Directions for this task: State how many lines in the following entries contain the word "subseteq". No other output.

*** Extracted data ***

lemma polar_dual_linear_image:
  fixes M K :: "real^'n^'n"
  assumes "transpose M ** K = mat 1"
  shows "polar_dual ((\<lambda>x. M *v x) ` T) = (\<lambda>y. K *v y) ` polar_dual T"
proof -
  have K: "transpose M ** K = mat 1" "K ** transpose M = mat 1"
    using assms matrix_left_right_inverse by blast+
  have ip: "inner u (M *v x) = inner (transpose M *v u) x" for u x
    by (simp add: dot_lmul_matrix)
  have L: "polar_dual ((\<lambda>x. M *v x) ` T) = {u. transpose M *v u \<in> polar_dual T}"
    unfolding polar_dual_def by (auto simp: ip)
  show ?thesis unfolding L
  proof (rule set_eqI, rule iffI)
    fix u assume "u \<in> {u. transpose M *v u \<in> polar_dual T}"
    moreover have "u = K *v (transpose M *v u)" by (simp only: matrix_vector_mul_assoc K(2) matrix_vector_mul_lid)
    ultimately show "u \<in> (\<lambda>y. K *v y) ` polar_dual T" by auto
  next
    fix u assume "u \<in> (\<lambda>y. K *v y) ` polar_dual T"
    then obtain y where "y \<in> polar_dual T" "u = K *v y" by auto
    moreover have "transpose M *v (K *v y) = y" by (simp only: matrix_vector_mul_assoc K(1) matrix_vector_mul_lid)
    ultimately show "u \<in> {u. transpose M *v u \<in> polar_dual T}" by simp
  qed
qed

lemma extreme_point_inj_linear:
  assumes f: "linear f" "inj f"
  shows "(f x extreme_point_of f ` S) \<longleftrightarrow> (x extreme_point_of S)"
proof -
  have "f x \<in> f ` S \<longleftrightarrow> x \<in> S" using f(2) by (auto simp: inj_def)
  moreover have "(\<forall>a\<in>f ` S. \<forall>b\<in>f ` S. f x \<notin> open_segment a b)
      \<longleftrightarrow> (\<forall>a\<in>S. \<forall>b\<in>S. x \<notin> open_segment a b)"
  proof -
    have "f x \<in> open_segment (f a) (f b) \<longleftrightarrow> x \<in> open_segment a b" for a b
      using open_segment_linear_image[OF f, of a b] f(2) by (auto simp: inj_def)
    then show ?thesis by auto
  qed
  ultimately show ?thesis unfolding extreme_point_of_def by blast
qed

lemma vertices_linear_image:
  assumes f: "linear f" "inj f"
  shows "vertices (f ` S) = f ` vertices S"
proof
  show "vertices (f ` S) \<subseteq> f ` vertices S"
  proof
    fix y assume y: "y \<in> vertices (f ` S)"
    then have "y \<in> f ` S" unfolding vertices_def extreme_point_of_def by auto
    then obtain x where x: "y = f x" by auto
    then show "y \<in> f ` vertices S" using y extreme_point_inj_linear[OF f] unfolding vertices_def by auto
  qed
  show "f ` vertices S \<subseteq> vertices (f ` S)"
    using extreme_point_inj_linear[OF f] unfolding vertices_def by auto
qed

lemma vertices_convex_hull_affine_independent:
  "\<not> affine_dependent V \<Longrightarrow> vertices (convex hull V) = V"
  unfolding vertices_def using extreme_point_of_convex_hull_affine_independent by auto

definition cols_matrix :: "('n \<Rightarrow> real^'m) \<Rightarrow> real^'n^'m" where
  "cols_matrix w = (\<chi> r c. w c $ r)"

lemma cols_matrix_mult: "cols_matrix w *v x = (\<Sum>c\<in>UNIV. x$c *\<^sub>R w c)"
  by (simp add: cols_matrix_def vec_eq_iff matrix_vector_mult_def sum_component mult.commute)

lemma cols_matrix_axis: "cols_matrix w *v axis i 1 = w i"
proof -
  have "(\<Sum>c\<in>UNIV. axis i 1 $ c *\<^sub>R w c) = (\<Sum>c\<in>UNIV. if c = i then w c else 0)"
    by (intro sum.cong) (auto simp: axis_def)
  then show ?thesis unfolding cols_matrix_mult by simp
qed

section \<open>The simplices with vertices the unit vectors and an apex\<close>

lemma Basis_cart_real: "(Basis :: (real^'n) set) = range (\<lambda>i. axis i 1)"
  by (auto simp: Basis_vec_def)

lemma sum_Basis_cart: "sum f (Basis :: (real^'n) set) = (\<Sum>i\<in>UNIV. f (axis i 1))"
proof -
  have "inj (\<lambda>i::'n. axis i (1::real))" by (auto simp: inj_def axis_eq_axis)
  then show ?thesis unfolding Basis_cart_real by (simp add: sum.reindex)
qed

lemma std_simplex_cart:
  "convex hull (insert 0 Basis) = {z :: real^'n. (\<forall>i. 0 \<le> z$i) \<and> (\<Sum>i\<in>UNIV. z$i) \<le> 1}"
  unfolding std_simplex sum_Basis_cart by (auto simp: Basis_cart_real inner_axis)

lemma lmeasurable_std_simplex: "convex hull (insert 0 Basis) \<in> (lmeasurable :: (real^'n) set set)"
  by (intro lmeasurable_compact finite_imp_compact_convex_hull) auto

lemma measure_std_simplex:
  "measure lebesgue (convex hull (insert 0 Basis) :: (real^'n) set) = 1 / fact CARD('n)"
proof -
  have "compact (convex hull (insert 0 Basis) :: (real^'n) set)"
    by (intro finite_imp_compact_convex_hull) auto
  then show ?thesis
    using content_std_simplex[where 'a = "real^'n"]
    by (subst measure_completion) (auto dest: compact_imp_closed)
qed

definition apex_simplex :: "real^'n \<Rightarrow> (real^'n) set" where
  "apex_simplex q = convex hull (range (\<lambda>i. axis i (1::real)) \<union> {-q})"
(* The counterexample has scalar state, input u_t = t, no training data, the state itself as prior
   mean, and the rank-one kernel k(a, b) = lambda(a_u) lambda(b_u), where the pulse lambda(s) is
   1/(j+1) if s = jT is the j-th multiple of the period T = m + 1 and 0 otherwise.  If v collects
   the memorised pulses and y the memorised increments, the posterior mean is
   x_t + lambda_t (v.y)/(v.v) and the posterior variance is lambda_t^2 if v = 0 and 0 otherwise.

   A memory of length m never contains the previous pulse, so that process is a random walk with
   independent N(0, lambda_t^2) increments.  As the lambda_t^2 sum to less than pi^2/6, its
   exponential moments, and with them all moments, stay bounded.  A longer memory sees the
   previous pulse at every pulse time t >= T; there the noise vanishes and the memorised increments
   make the chain continue as x_t = H_t x_1, with H_t = sum_{s<t} lambda_s a harmonic number and
   x_1 ~ N(0,1).  Hence E|x_t|^p = H_t^p E|N(0,1)|^p diverges. *)

section \<open>Pseudoinverse of a rank-one matrix\<close>

lemma moore_penrose_unique:
  fixes A B C :: "real mat"
  assumes A: "A \<in> carrier_mat n m" and B: "B \<in> carrier_mat m n" and C: "C \<in> carrier_mat m n"
    and B1: "A * B * A = A" and B2: "B * A * B = B"
    and B3: "transpose_mat (A * B) = A * B" and B4: "transpose_mat (B * A) = B * A"
    and C1: "A * C * A = A" and C2: "C * A * C = C"
    and C3: "transpose_mat (A * C) = A * C" and C4: "transpose_mat (C * A) = C * A"
  shows "B = C"
proof -
  have AB: "A * B \<in> carrier_mat n n" "A * C \<in> carrier_mat n n"
    and BA: "B * A \<in> carrier_mat m m" "C * A \<in> carrier_mat m m" using A B C by auto
  have AB_eq_AC: "A * B = A * C"
  proof -
    have "A * B = (A * C * A) * B" using C1 by simp
    also have "\<dots> = (A * C) * (A * B)" using A B C by (metis assoc_mult_mat mult_carrier_mat)
    also have "\<dots> = transpose_mat ((A * B) * (A * C))"
      using AB B3 C3 by (simp add: transpose_mult[of _ n n _ n])
    also have "(A * B) * (A * C) = (A * B * A) * C"
      using A B C by (metis assoc_mult_mat mult_carrier_mat)
    finally show ?thesis using B1 C3 by simp
  qed
  have BA_eq_CA: "B * A = C * A"
  proof -
    have "B * A = B * (A * C * A)" using C1 by simp
    also have "\<dots> = (B * A) * (C * A)" using A B C by (metis assoc_mult_mat mult_carrier_mat)
    also have "\<dots> = transpose_mat ((C * A) * (B * A))"
      using BA B4 C4 by (simp add: transpose_mult[of _ m m _ m])
    also have "(C * A) * (B * A) = C * (A * B * A)"
      using A B C by (metis assoc_mult_mat mult_carrier_mat)
    finally show ?thesis using B1 C4 by simp
  qed
  have "B = B * (A * B)" using A B B2 by (metis assoc_mult_mat)
  also have "\<dots> = (C * A) * C" using A B C AB_eq_AC BA_eq_CA by (metis assoc_mult_mat)
  finally show ?thesis using C2 by simp
qed

lemma pinv_eqI:
  assumes A: "A \<in> carrier_mat n m" and B: "B \<in> carrier_mat m n"
    and "A * B * A = A" and "B * A * B = B"
    and "transpose_mat (A * B) = A * B" and "transpose_mat (B * A) = B * A"
  shows "pinv A = B"
  unfolding pinv_def
proof (rule the_equality)
  fix C assume "C \<in> carrier_mat (dim_col A) (dim_row A) \<and> A * C * A = A \<and> C * A * C = C \<and>
      transpose_mat (A * C) = A * C \<and> transpose_mat (C * A) = C * A"
  then show "C = B" using moore_penrose_unique[OF A B, of C] assms by auto
qed (use assms in auto)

***

Written response: 2